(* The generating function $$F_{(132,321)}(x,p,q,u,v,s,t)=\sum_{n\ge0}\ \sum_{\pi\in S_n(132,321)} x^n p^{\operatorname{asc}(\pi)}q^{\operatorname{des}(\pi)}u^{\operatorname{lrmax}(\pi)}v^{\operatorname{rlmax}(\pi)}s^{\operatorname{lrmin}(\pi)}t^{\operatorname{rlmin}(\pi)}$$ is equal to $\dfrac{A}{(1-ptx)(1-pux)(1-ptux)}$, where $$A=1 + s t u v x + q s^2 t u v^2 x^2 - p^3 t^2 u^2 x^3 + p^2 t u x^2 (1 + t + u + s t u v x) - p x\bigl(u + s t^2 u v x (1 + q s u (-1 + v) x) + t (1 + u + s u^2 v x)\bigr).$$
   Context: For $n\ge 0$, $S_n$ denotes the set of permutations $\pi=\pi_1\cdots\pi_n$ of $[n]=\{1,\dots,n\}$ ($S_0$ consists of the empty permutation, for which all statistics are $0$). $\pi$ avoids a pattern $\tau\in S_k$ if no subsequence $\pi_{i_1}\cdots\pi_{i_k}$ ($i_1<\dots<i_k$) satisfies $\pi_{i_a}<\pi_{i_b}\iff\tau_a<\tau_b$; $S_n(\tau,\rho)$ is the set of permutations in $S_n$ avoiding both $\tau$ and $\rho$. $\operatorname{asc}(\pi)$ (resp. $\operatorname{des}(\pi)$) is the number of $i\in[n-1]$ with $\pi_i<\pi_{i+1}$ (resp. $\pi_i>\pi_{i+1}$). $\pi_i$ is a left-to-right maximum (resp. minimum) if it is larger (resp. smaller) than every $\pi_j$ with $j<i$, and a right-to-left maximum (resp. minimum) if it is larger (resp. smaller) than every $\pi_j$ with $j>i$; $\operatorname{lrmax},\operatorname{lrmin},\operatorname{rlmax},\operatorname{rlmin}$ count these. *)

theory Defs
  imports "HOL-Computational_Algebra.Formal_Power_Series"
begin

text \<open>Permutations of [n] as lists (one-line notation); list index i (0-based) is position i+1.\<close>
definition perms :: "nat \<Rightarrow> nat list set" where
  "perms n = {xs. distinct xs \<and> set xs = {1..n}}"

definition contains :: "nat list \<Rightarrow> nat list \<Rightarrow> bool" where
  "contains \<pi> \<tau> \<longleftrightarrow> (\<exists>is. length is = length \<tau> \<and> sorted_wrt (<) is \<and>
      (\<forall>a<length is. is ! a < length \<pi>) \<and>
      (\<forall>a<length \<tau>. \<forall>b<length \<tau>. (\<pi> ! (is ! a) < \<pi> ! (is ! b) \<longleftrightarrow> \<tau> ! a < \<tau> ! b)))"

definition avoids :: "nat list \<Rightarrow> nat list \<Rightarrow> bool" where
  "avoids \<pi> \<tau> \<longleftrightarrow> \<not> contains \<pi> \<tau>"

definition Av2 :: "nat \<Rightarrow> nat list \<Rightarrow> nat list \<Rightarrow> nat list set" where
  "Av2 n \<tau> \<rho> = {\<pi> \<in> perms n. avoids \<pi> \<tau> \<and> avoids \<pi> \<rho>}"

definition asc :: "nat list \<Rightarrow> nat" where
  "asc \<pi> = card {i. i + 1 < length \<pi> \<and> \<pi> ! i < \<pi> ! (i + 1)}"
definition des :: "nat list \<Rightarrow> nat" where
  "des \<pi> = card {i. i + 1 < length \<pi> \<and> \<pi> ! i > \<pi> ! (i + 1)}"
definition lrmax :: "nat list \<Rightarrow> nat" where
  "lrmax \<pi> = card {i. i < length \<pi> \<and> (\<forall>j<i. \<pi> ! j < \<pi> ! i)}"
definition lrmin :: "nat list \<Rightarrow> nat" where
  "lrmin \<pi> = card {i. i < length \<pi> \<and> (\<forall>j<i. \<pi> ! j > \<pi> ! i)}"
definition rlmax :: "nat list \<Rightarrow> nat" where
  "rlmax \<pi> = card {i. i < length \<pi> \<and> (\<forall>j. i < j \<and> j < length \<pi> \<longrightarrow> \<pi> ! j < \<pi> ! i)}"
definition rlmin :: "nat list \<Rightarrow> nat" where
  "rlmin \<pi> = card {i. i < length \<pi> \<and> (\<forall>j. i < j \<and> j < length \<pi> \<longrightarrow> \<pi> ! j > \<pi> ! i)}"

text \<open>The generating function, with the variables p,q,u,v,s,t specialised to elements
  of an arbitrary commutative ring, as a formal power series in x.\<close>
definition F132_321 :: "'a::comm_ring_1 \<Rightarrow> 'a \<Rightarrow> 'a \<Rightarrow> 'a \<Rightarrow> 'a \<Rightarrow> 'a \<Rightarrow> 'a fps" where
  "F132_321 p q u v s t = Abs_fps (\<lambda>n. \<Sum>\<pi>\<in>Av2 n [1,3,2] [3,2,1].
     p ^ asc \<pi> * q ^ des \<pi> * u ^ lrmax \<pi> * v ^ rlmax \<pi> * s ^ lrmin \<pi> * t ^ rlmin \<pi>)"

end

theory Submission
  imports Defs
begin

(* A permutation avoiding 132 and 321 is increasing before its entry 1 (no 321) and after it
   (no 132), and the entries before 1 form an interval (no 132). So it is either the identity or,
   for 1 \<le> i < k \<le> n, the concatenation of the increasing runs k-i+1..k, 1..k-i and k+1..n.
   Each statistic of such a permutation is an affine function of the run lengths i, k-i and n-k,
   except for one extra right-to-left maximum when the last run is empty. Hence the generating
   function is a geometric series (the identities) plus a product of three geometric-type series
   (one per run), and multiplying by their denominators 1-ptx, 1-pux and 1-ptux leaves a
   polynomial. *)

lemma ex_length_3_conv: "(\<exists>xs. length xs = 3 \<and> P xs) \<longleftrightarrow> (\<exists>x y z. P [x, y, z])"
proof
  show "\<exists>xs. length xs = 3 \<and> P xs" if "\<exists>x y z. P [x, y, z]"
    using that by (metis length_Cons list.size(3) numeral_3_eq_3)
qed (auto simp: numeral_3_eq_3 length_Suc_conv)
********
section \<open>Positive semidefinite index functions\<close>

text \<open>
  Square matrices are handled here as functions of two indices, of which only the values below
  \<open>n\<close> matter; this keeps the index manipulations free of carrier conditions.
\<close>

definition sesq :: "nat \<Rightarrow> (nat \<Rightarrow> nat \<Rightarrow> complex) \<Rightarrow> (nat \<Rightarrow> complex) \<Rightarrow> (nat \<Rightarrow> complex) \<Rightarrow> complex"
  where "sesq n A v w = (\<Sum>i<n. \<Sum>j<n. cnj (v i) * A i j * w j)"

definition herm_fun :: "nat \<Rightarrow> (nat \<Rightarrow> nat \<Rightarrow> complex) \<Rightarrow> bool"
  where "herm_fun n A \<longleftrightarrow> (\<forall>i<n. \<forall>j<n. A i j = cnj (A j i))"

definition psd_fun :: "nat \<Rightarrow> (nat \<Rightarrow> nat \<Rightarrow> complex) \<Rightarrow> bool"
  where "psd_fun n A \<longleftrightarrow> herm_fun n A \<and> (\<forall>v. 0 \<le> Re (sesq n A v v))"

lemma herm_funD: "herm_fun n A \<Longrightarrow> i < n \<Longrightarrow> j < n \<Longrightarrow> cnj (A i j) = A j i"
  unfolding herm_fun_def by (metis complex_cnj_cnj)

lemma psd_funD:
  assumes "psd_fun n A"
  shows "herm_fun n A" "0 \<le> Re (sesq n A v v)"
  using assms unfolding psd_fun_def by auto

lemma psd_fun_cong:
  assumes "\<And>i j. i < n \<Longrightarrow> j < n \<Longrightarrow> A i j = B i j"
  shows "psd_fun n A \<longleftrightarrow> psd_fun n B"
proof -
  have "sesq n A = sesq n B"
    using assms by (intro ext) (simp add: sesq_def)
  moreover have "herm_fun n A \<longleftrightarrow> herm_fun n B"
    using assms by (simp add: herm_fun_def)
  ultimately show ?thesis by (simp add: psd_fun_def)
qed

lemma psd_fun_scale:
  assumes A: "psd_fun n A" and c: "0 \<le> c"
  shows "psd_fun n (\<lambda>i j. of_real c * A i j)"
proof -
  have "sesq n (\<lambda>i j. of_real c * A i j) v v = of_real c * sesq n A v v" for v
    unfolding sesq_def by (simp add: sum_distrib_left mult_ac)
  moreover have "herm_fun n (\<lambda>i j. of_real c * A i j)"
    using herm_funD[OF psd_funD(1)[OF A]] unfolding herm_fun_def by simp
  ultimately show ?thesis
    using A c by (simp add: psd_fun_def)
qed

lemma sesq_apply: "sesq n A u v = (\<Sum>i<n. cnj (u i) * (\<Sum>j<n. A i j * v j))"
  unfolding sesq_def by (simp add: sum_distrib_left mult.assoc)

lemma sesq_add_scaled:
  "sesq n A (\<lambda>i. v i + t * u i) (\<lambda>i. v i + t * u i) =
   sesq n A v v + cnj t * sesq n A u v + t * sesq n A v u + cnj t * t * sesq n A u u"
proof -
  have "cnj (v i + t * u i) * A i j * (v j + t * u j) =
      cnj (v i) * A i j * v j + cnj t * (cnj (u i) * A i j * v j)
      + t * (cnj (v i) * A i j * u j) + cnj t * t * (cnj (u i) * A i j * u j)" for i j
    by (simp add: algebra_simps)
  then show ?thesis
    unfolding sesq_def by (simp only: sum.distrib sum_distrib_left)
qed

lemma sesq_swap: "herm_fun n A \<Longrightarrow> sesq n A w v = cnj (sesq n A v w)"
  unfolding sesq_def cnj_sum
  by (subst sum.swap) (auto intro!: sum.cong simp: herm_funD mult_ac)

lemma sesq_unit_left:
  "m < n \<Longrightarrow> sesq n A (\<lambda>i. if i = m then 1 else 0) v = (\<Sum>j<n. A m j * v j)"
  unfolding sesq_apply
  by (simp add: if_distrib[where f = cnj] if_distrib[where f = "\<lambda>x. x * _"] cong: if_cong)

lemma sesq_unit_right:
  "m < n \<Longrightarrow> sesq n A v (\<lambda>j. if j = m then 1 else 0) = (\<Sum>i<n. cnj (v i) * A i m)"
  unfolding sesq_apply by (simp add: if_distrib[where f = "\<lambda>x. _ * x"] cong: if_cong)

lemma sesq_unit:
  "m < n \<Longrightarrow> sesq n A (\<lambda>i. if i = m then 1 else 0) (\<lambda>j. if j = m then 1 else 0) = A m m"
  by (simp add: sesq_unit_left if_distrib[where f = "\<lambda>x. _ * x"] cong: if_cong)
********
■ Your goal: Starting at the line that has "A \<longleftrightarrow> psd_fun" and ending at the line that has "A i j * (v j", please write out the lines above exactly, leaving out all others.

■ Answer section:
  shows "psd_fun n A \<longleftrightarrow> psd_fun n B"
proof -
  have "sesq n A = sesq n B"
    using assms by (intro ext) (simp add: sesq_def)
  moreover have "herm_fun n A \<longleftrightarrow> herm_fun n B"
    using assms by (simp add: herm_fun_def)
  ultimately show ?thesis by (simp add: psd_fun_def)
qed

lemma psd_fun_scale:
  assumes A: "psd_fun n A" and c: "0 \<le> c"
  shows "psd_fun n (\<lambda>i j. of_real c * A i j)"
proof -
  have "sesq n (\<lambda>i j. of_real c * A i j) v v = of_real c * sesq n A v v" for v
    unfolding sesq_def by (simp add: sum_distrib_left mult_ac)
  moreover have "herm_fun n (\<lambda>i j. of_real c * A i j)"
    using herm_funD[OF psd_funD(1)[OF A]] unfolding herm_fun_def by simp
  ultimately show ?thesis
    using A c by (simp add: psd_fun_def)
qed

lemma sesq_apply: "sesq n A u v = (\<Sum>i<n. cnj (u i) * (\<Sum>j<n. A i j * v j))"
  unfolding sesq_def by (simp add: sum_distrib_left mult.assoc)

lemma sesq_add_scaled:
  "sesq n A (\<lambda>i. v i + t * u i) (\<lambda>i. v i + t * u i) =
   sesq n A v v + cnj t * sesq n A u v + t * sesq n A v u + cnj t * t * sesq n A u u"
proof -
  have "cnj (v i + t * u i) * A i j * (v j + t * u j) =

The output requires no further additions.